▶ **Exercise**: What lines of the data hold the string "shows"? Copy them all.

▶ **Record extracts**:
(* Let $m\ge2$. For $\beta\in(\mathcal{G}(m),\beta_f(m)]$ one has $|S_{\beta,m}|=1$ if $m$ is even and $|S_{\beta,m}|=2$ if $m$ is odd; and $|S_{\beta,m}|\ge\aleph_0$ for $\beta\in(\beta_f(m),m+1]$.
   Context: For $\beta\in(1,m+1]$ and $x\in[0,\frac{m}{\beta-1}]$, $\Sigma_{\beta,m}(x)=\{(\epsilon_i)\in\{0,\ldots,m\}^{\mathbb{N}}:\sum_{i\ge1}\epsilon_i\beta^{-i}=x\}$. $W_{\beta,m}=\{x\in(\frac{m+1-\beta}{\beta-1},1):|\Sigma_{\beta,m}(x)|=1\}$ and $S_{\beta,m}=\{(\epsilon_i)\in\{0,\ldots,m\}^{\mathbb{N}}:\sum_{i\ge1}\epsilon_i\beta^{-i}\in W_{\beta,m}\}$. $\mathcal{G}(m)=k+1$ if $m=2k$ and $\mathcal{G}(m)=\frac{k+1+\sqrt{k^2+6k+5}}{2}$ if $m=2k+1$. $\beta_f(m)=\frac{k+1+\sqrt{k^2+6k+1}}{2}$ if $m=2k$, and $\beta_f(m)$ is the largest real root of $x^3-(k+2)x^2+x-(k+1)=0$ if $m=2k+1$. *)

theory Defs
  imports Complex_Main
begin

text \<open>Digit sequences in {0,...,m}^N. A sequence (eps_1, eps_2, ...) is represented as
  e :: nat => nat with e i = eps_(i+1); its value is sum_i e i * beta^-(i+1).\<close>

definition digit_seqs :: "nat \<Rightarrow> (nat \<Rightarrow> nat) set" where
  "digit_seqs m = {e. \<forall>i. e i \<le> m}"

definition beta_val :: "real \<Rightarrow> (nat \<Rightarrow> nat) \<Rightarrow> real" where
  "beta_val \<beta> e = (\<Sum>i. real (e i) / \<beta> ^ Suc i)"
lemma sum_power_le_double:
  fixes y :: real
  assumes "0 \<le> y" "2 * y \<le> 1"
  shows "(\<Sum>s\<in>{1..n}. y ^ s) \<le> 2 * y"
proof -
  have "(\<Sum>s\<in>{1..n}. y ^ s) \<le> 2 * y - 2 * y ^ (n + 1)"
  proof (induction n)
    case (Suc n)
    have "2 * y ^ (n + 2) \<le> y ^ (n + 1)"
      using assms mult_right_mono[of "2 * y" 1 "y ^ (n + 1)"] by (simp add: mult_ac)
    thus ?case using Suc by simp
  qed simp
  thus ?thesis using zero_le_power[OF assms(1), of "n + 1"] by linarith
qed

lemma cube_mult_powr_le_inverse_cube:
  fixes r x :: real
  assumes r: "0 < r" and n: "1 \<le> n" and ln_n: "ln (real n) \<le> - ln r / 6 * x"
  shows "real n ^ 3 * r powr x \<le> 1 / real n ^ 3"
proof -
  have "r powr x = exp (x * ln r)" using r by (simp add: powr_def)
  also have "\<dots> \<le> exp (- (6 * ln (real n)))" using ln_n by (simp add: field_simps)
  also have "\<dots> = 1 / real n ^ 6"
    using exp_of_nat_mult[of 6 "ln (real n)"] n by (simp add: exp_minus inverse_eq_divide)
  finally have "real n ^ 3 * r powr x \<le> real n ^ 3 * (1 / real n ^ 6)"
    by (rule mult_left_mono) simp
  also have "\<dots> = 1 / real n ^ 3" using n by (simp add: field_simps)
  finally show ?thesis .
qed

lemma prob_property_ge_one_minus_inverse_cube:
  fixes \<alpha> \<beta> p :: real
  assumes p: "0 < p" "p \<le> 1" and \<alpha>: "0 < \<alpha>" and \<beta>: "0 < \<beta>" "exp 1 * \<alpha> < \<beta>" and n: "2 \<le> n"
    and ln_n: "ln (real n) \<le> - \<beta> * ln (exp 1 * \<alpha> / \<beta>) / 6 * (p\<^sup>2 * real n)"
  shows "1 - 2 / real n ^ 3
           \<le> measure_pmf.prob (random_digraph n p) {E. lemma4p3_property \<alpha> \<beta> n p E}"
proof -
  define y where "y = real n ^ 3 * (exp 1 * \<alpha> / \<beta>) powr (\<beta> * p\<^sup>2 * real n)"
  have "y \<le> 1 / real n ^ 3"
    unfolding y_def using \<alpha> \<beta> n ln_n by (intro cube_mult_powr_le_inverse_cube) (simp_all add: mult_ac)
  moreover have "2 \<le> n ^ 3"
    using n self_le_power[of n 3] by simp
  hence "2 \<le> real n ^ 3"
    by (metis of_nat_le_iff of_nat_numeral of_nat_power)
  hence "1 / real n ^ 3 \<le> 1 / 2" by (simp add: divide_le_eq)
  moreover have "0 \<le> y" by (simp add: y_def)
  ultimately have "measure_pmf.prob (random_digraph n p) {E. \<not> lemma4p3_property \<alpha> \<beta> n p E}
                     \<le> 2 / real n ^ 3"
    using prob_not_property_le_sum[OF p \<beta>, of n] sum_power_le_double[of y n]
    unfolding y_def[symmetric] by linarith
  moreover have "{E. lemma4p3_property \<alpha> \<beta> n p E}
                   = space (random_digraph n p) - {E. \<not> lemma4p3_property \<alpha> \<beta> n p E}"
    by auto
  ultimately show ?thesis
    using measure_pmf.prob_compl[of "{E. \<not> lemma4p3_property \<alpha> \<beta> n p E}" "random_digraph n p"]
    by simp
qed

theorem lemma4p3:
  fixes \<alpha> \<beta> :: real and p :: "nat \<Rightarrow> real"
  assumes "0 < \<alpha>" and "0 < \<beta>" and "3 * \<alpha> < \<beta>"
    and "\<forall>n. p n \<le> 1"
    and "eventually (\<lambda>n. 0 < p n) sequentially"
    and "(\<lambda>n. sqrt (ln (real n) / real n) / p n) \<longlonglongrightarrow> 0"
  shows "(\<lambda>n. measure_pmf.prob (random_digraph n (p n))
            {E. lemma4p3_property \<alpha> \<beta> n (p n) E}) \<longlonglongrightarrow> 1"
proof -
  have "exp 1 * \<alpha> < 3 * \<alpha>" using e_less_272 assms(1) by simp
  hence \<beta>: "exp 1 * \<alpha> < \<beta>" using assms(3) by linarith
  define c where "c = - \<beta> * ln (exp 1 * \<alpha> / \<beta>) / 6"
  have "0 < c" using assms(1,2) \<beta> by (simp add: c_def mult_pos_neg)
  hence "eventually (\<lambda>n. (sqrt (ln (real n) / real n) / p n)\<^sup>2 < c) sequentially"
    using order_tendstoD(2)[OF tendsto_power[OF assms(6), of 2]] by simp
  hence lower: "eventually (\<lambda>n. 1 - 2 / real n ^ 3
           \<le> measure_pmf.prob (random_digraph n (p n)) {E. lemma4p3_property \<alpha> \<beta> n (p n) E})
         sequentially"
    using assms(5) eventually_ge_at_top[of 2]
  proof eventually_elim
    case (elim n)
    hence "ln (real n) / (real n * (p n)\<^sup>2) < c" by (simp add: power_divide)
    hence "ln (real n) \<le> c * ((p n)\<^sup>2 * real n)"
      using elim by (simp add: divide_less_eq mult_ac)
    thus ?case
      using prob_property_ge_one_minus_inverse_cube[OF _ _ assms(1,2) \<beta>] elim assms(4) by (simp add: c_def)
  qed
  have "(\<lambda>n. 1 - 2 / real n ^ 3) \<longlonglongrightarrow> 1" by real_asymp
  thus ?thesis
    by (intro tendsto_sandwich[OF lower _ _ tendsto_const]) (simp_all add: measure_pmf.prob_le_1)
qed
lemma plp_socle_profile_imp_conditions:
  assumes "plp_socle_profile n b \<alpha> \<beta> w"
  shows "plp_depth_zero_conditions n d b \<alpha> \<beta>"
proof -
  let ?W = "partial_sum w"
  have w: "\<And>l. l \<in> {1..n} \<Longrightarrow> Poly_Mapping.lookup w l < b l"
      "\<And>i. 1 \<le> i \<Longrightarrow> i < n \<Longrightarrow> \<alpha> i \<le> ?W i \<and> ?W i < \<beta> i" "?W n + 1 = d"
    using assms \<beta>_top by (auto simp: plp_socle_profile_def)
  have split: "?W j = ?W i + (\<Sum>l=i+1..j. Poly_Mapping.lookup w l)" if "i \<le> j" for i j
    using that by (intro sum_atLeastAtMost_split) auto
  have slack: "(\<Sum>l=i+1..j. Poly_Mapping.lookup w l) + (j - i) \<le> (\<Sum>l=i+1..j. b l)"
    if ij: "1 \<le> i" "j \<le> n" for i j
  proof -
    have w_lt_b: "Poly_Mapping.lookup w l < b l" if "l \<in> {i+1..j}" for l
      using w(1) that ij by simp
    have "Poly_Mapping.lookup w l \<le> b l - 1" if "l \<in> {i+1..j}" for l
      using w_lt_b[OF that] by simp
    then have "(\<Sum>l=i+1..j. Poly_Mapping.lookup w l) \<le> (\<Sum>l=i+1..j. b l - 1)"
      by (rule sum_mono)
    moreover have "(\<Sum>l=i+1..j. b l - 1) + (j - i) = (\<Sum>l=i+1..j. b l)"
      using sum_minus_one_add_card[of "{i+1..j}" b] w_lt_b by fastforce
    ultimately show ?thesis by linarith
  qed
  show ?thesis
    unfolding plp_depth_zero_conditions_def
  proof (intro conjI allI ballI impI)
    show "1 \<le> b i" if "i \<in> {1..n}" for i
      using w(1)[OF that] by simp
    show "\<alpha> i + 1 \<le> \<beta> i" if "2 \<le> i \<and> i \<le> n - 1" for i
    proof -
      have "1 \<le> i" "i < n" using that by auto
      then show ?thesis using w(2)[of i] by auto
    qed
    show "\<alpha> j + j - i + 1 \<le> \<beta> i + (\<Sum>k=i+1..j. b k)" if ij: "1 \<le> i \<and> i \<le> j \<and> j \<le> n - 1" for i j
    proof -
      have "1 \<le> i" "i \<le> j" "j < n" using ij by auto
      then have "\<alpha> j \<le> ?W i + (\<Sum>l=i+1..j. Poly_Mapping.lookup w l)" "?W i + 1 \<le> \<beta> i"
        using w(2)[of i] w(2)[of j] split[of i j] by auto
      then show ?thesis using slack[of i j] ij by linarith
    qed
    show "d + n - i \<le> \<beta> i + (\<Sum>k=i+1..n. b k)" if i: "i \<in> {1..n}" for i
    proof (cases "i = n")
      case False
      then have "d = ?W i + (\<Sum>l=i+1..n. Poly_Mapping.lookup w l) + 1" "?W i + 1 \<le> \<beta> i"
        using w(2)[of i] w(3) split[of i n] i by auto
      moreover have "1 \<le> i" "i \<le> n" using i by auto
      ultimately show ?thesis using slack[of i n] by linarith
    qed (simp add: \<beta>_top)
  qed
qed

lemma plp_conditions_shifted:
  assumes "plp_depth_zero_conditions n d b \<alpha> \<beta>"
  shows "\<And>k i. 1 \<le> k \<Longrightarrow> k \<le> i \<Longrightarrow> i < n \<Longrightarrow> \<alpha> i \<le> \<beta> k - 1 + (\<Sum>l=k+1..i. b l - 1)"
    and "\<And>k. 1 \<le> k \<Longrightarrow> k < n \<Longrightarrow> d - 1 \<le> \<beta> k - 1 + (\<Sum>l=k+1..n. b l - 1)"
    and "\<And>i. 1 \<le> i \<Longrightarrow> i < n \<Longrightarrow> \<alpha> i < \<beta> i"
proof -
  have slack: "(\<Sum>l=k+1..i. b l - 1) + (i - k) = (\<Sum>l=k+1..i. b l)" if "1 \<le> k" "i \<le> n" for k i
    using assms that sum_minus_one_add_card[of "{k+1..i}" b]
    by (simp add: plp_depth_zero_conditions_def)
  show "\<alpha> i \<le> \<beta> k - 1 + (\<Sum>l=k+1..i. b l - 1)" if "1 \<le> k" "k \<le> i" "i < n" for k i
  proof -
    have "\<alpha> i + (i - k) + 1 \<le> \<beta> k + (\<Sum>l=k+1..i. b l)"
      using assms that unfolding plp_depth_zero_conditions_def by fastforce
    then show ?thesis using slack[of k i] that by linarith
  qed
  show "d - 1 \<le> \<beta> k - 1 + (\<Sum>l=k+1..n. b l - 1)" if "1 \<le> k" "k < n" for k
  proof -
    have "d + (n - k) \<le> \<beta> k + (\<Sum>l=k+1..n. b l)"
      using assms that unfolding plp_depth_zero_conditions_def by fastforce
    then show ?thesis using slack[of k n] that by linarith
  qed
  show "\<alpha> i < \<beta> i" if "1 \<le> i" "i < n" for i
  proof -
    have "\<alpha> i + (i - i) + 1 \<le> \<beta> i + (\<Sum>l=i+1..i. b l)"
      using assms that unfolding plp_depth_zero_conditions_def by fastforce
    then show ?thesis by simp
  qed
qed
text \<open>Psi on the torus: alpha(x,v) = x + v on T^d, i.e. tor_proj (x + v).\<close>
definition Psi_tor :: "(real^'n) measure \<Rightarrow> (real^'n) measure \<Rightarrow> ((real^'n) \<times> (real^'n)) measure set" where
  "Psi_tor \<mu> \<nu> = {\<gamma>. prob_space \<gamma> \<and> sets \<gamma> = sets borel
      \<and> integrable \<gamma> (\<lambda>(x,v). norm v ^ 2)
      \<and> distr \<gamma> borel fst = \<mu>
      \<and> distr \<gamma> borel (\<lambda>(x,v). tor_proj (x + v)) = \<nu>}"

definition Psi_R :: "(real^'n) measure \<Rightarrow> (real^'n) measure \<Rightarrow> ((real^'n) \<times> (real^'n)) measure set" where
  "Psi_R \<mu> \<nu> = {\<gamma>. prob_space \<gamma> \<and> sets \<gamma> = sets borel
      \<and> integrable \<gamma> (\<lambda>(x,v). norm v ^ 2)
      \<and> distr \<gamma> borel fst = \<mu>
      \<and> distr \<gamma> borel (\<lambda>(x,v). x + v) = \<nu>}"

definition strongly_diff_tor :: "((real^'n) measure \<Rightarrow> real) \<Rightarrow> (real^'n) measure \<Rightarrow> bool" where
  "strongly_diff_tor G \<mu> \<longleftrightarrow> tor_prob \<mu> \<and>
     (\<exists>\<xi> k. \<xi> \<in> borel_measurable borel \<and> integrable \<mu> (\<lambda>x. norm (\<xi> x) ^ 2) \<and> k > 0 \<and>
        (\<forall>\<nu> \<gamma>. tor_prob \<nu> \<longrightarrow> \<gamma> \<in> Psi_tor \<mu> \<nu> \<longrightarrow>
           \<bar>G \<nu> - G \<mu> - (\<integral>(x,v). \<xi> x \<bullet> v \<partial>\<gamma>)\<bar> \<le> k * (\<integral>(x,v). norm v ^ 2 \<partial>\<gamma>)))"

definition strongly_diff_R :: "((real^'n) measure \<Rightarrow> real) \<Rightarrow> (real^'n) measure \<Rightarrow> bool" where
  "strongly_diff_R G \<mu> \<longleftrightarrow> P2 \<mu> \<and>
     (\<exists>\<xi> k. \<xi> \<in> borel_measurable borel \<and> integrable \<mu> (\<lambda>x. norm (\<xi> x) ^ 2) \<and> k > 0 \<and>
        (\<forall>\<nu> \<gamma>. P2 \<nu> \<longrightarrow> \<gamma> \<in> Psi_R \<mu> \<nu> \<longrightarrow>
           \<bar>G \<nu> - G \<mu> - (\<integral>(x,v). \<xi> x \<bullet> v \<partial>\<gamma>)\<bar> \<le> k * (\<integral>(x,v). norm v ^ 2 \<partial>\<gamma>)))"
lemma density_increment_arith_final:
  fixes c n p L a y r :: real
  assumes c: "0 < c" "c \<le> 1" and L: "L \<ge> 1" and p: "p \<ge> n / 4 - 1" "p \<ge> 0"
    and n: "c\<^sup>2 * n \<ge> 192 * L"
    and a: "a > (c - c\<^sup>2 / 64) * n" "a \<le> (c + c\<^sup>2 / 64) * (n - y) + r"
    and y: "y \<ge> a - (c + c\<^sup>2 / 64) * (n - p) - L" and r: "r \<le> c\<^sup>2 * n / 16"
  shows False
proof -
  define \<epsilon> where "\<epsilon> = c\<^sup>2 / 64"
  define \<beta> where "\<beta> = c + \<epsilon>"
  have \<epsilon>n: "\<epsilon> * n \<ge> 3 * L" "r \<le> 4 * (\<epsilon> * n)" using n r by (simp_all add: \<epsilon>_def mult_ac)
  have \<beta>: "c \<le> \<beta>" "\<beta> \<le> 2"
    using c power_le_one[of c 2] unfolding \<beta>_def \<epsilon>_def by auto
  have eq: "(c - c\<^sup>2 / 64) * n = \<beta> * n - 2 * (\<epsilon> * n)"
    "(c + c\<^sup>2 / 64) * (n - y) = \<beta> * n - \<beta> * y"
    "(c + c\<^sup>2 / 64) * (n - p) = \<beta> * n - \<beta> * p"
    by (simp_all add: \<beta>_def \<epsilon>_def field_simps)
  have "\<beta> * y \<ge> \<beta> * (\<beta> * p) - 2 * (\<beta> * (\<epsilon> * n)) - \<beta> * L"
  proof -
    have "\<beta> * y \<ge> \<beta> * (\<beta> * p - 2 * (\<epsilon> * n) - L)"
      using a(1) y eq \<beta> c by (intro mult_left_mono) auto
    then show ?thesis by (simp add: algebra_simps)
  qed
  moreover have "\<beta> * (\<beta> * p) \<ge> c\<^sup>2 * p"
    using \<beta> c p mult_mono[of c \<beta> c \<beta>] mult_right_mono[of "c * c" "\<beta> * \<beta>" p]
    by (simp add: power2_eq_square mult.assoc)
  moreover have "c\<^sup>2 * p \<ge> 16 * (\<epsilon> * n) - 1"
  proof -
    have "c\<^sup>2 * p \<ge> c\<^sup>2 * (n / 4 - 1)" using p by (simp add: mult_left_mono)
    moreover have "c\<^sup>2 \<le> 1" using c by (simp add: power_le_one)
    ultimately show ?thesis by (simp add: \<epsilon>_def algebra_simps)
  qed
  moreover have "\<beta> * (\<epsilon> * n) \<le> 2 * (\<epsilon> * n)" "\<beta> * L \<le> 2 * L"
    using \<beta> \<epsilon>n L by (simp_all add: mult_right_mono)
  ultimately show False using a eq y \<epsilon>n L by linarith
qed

▶ **Answer space**:
  shows "(\<Sum>s\<in>{1..n}. y ^ s) \<le> 2 * y"
  shows "real n ^ 3 * r powr x \<le> 1 / real n ^ 3"
  shows "1 - 2 / real n ^ 3
  shows "(\<lambda>n. measure_pmf.prob (random_digraph n (p n))
  shows "plp_depth_zero_conditions n d b \<alpha> \<beta>"
  shows "\<And>k i. 1 \<le> k \<Longrightarrow> k \<le> i \<Longrightarrow> i < n \<Longrightarrow> \<alpha> i \<le> \<beta> k - 1 + (\<Sum>l=k+1..i. b l - 1)"
  shows False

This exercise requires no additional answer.